*About this exercise*:
If a line below contains the string "UNIV", return that line.

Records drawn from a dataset

»»

lemma card_psupsets_in_family:
  assumes i: "i \<in> {1..n}" and k: "k \<in> {1..q i}"
  shows "card {Y\<in>family. Ms i k \<subset> Y} = q i - k + 1"
proof -
  have "inj_on (Ms i) {k<..q i}"
    using chain_inj_on[OF i] by (rule inj_on_subset) (use k in auto)
  then have "card (Ms i ` {k<..q i}) = q i - k" by (simp add: card_image)
  moreover have "UNIV \<notin> Ms i ` {k<..q i}"
  proof
    assume "UNIV \<in> Ms i ` {k<..q i}"
    then obtain l where "l \<in> {k<..q i}" "UNIV = Ms i l" by blast
    then show False using chain_psubset_top[OF i, of l] k by simp
  qed
  ultimately have "card (insert UNIV (Ms i ` {k<..q i})) = Suc (q i - k)"
    by (simp add: card_insert_disjoint)
  also have "Suc (q i - k) = q i - k + 1" by simp
  finally show ?thesis by (simp only: psupsets_in_family[OF i k])
qed

lemma bottom_subset_family: "Y \<in> family \<Longrightarrow> {0} \<subseteq> Y"
  by (cases rule: family_cases) (use bottom_psubset_chain in auto)

lemma order_automorphism_fixes_family:
  assumes f: "order_automorphism family f" and X: "X \<in> family"
  shows "f X = X"
proof -
  from X obtain i0 where i0: "i0 \<in> {1..n}" unfolding chain_union_family_def by blast
  have f0: "f {0} = {0}"
    using order_automorphism_fixes_least[OF f bottom_in_family[OF i0] bottom_subset_family] .
  have fU: "f UNIV = UNIV"
    using order_automorphism_fixes_greatest[OF f top_in_family[OF i0]] by blast
  have inj: "inj_on f family" using f by (rule order_automorphism_inj_on)
  from X show ?thesis
  proof (cases rule: family_cases)
    case (3 i k)
    have "f X \<in> family"
      using X order_automorphism_permutes[OF f] by (metis imageI)
    moreover have "f X \<noteq> {0}"
    proof
      assume "f X = {0}"
      then have "X = {0}" using inj_onD[OF inj _ X bottom_in_family[OF i0]] f0 by simp
      then show False using bottom_psubset_chain[OF 3(1,2)] 3(3) by simp
    qed
    moreover have "f X \<noteq> UNIV"
    proof
      assume "f X = UNIV"
      then have "X = UNIV" using inj_onD[OF inj _ X top_in_family[OF i0]] fU by simp
      then show False using chain_psubset_top[OF 3(1,2)] 3(3) by simp
    qed
    ultimately obtain j l where j: "j \<in> {1..n}" "l \<in> {1..q j}" "f X = Ms j l"
      by (cases rule: family_cases) auto
    have "l = card {Y\<in>family. Y \<subset> f X}" using card_psubsets_in_family[OF j(1,2)] j(3) by simp
    also have "\<dots> = card {Y\<in>family. Y \<subset> X}" by (rule card_psubsets_order_automorphism[OF f X])
    also have "\<dots> = k" using card_psubsets_in_family[OF 3(1,2)] 3(3) by simp
    finally have "l = k" .
    have "q j - l + 1 = card {Y\<in>family. f X \<subset> Y}"
      using card_psupsets_in_family[OF j(1,2)] j(3) by simp
    also have "\<dots> = card {Y\<in>family. X \<subset> Y}" by (rule card_psupsets_order_automorphism[OF f X])
    also have "\<dots> = q i - k + 1" using card_psupsets_in_family[OF 3(1,2)] 3(3) by simp
    finally have "q j - l + 1 = q i - k + 1" .
    then have "q j = q i" using \<open>l = k\<close> j(2) 3(2) by arith
    then have "j = i" using lengths_distinct[OF j(1) 3(1)] by blast
    then show ?thesis using j(3) 3(3) \<open>l = k\<close> by simp
  qed (use f0 fU in simp_all)
qed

««

*Response*:
  moreover have "UNIV \<notin> Ms i ` {k<..q i}"
    assume "UNIV \<in> Ms i ` {k<..q i}"
    then obtain l where "l \<in> {k<..q i}" "UNIV = Ms i l" by blast
  ultimately have "card (insert UNIV (Ms i ` {k<..q i})) = Suc (q i - k)"
  have fU: "f UNIV = UNIV"
    moreover have "f X \<noteq> UNIV"
      assume "f X = UNIV"
      then have "X = UNIV" using inj_onD[OF inj _ X top_in_family[OF i0]] fU by simp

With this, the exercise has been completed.